Task brief: Look through the records below, and whenever a line contains "define", copy it.

Material for this exercise:
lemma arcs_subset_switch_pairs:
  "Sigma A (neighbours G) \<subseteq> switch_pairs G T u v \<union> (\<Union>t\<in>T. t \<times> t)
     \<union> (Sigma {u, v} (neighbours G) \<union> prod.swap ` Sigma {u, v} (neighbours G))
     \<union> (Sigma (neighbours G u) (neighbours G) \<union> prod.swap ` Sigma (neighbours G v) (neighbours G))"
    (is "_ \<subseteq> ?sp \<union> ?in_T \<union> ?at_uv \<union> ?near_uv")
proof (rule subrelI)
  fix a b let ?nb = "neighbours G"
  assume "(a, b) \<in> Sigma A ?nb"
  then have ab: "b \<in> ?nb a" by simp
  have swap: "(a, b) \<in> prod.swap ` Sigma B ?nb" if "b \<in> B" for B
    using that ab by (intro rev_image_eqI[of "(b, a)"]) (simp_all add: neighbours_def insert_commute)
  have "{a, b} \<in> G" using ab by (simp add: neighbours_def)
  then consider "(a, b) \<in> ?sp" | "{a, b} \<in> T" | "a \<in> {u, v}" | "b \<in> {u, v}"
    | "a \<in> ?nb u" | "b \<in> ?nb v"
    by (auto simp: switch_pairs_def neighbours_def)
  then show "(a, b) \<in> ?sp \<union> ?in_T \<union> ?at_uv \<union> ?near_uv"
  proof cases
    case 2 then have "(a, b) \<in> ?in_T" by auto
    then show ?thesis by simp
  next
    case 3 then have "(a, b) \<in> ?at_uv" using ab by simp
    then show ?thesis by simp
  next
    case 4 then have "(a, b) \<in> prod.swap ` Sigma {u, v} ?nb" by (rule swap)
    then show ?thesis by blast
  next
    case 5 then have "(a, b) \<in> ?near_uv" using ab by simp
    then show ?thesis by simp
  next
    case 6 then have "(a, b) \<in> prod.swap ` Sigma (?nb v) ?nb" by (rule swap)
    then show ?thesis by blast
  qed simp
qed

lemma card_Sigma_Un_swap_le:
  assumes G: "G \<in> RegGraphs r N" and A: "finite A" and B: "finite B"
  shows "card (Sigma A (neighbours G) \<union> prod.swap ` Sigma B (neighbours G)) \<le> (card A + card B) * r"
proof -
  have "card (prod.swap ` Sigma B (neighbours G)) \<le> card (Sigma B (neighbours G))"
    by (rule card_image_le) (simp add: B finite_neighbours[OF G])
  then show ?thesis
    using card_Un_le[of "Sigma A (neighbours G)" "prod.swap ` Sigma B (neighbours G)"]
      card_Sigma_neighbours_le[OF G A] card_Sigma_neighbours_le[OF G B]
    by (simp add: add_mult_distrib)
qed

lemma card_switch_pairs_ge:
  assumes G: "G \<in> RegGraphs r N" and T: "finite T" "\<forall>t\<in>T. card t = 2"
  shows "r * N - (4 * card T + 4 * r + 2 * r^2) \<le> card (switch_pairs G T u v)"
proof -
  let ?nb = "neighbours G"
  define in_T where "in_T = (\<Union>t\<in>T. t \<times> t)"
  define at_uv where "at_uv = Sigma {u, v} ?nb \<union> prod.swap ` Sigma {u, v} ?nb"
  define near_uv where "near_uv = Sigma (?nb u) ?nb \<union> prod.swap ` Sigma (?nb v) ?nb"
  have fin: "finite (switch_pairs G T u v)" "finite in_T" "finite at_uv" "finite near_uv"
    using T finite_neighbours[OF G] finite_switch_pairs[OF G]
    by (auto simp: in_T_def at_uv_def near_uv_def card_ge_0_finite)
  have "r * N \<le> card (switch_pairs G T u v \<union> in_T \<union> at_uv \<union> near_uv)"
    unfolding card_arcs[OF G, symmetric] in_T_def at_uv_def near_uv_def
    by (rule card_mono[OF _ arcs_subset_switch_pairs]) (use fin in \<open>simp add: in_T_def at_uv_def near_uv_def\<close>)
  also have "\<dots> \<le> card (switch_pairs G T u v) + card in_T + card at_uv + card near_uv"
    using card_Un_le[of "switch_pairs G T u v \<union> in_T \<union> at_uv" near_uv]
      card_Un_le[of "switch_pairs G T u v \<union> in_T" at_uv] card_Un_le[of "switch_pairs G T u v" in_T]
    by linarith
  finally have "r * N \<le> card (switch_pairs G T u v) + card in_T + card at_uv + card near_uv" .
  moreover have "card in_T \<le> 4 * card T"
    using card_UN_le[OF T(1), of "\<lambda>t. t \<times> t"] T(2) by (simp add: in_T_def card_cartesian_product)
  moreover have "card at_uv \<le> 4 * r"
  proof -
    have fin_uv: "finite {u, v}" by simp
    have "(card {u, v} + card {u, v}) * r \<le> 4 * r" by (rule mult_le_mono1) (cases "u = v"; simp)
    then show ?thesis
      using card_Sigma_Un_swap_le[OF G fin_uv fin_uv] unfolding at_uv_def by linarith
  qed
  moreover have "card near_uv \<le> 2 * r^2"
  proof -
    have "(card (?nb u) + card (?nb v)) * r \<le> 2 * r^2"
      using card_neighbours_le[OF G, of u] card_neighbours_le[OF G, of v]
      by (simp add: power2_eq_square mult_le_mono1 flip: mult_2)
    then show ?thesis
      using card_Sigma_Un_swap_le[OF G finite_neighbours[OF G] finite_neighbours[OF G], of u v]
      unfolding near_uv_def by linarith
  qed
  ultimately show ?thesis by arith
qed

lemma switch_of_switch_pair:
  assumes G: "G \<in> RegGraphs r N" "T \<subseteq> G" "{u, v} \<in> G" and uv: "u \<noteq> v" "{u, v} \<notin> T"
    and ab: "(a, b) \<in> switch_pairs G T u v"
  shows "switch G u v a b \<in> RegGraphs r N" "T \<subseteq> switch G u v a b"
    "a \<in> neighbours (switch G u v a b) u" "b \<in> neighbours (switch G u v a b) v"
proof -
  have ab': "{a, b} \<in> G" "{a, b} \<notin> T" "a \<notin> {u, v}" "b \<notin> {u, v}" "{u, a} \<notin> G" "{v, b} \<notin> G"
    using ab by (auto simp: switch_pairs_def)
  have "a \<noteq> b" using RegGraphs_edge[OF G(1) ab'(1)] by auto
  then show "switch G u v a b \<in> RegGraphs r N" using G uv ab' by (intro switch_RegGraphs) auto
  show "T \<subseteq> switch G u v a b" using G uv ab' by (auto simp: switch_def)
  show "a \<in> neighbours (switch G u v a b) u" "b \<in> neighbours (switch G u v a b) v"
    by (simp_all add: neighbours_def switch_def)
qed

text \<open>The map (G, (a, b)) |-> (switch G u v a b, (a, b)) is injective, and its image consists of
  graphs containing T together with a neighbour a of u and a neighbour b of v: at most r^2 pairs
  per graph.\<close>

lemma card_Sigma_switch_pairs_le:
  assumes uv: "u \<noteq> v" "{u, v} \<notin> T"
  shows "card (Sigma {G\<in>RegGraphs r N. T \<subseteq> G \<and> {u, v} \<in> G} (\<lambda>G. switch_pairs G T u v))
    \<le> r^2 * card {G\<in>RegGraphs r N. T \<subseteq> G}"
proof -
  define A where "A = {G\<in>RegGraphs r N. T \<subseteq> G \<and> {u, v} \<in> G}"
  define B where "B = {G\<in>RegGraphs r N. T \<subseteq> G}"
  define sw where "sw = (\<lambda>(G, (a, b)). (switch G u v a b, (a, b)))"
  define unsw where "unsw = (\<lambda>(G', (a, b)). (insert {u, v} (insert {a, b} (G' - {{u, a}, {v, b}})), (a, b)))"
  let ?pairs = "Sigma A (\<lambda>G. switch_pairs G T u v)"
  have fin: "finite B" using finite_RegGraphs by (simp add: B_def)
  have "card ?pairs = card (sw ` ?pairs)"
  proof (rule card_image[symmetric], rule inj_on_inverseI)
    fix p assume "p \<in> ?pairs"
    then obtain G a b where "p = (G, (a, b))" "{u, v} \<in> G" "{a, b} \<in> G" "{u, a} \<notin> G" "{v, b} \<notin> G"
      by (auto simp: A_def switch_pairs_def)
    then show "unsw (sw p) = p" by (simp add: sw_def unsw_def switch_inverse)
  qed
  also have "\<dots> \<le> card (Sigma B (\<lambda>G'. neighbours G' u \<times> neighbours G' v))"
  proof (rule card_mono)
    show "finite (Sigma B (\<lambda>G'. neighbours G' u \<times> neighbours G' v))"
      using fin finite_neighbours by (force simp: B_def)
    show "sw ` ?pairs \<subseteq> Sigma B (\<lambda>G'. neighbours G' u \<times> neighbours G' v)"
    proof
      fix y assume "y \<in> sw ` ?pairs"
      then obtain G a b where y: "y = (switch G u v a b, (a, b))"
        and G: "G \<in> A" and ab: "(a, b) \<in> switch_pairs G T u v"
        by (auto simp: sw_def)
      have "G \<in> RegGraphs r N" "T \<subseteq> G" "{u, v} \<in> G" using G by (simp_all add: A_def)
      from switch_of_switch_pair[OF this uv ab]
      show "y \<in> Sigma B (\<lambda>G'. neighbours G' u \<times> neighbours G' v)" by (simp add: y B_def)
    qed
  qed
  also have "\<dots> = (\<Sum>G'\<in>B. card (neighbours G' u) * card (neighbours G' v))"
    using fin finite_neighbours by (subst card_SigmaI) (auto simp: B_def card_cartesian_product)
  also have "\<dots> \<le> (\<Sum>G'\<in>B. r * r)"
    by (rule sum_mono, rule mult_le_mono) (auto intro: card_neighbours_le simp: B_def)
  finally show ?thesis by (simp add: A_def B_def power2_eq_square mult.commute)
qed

Result for this task:
  define in_T where "in_T = (\<Union>t\<in>T. t \<times> t)"
  define at_uv where "at_uv = Sigma {u, v} ?nb \<union> prod.swap ` Sigma {u, v} ?nb"
  define near_uv where "near_uv = Sigma (?nb u) ?nb \<union> prod.swap ` Sigma (?nb v) ?nb"
  define A where "A = {G\<in>RegGraphs r N. T \<subseteq> G \<and> {u, v} \<in> G}"
  define B where "B = {G\<in>RegGraphs r N. T \<subseteq> G}"
  define sw where "sw = (\<lambda>(G, (a, b)). (switch G u v a b, (a, b)))"
  define unsw where "unsw = (\<lambda>(G', (a, b)). (insert {u, v} (insert {a, b} (G' - {{u, a}, {v, b}})), (a, b)))"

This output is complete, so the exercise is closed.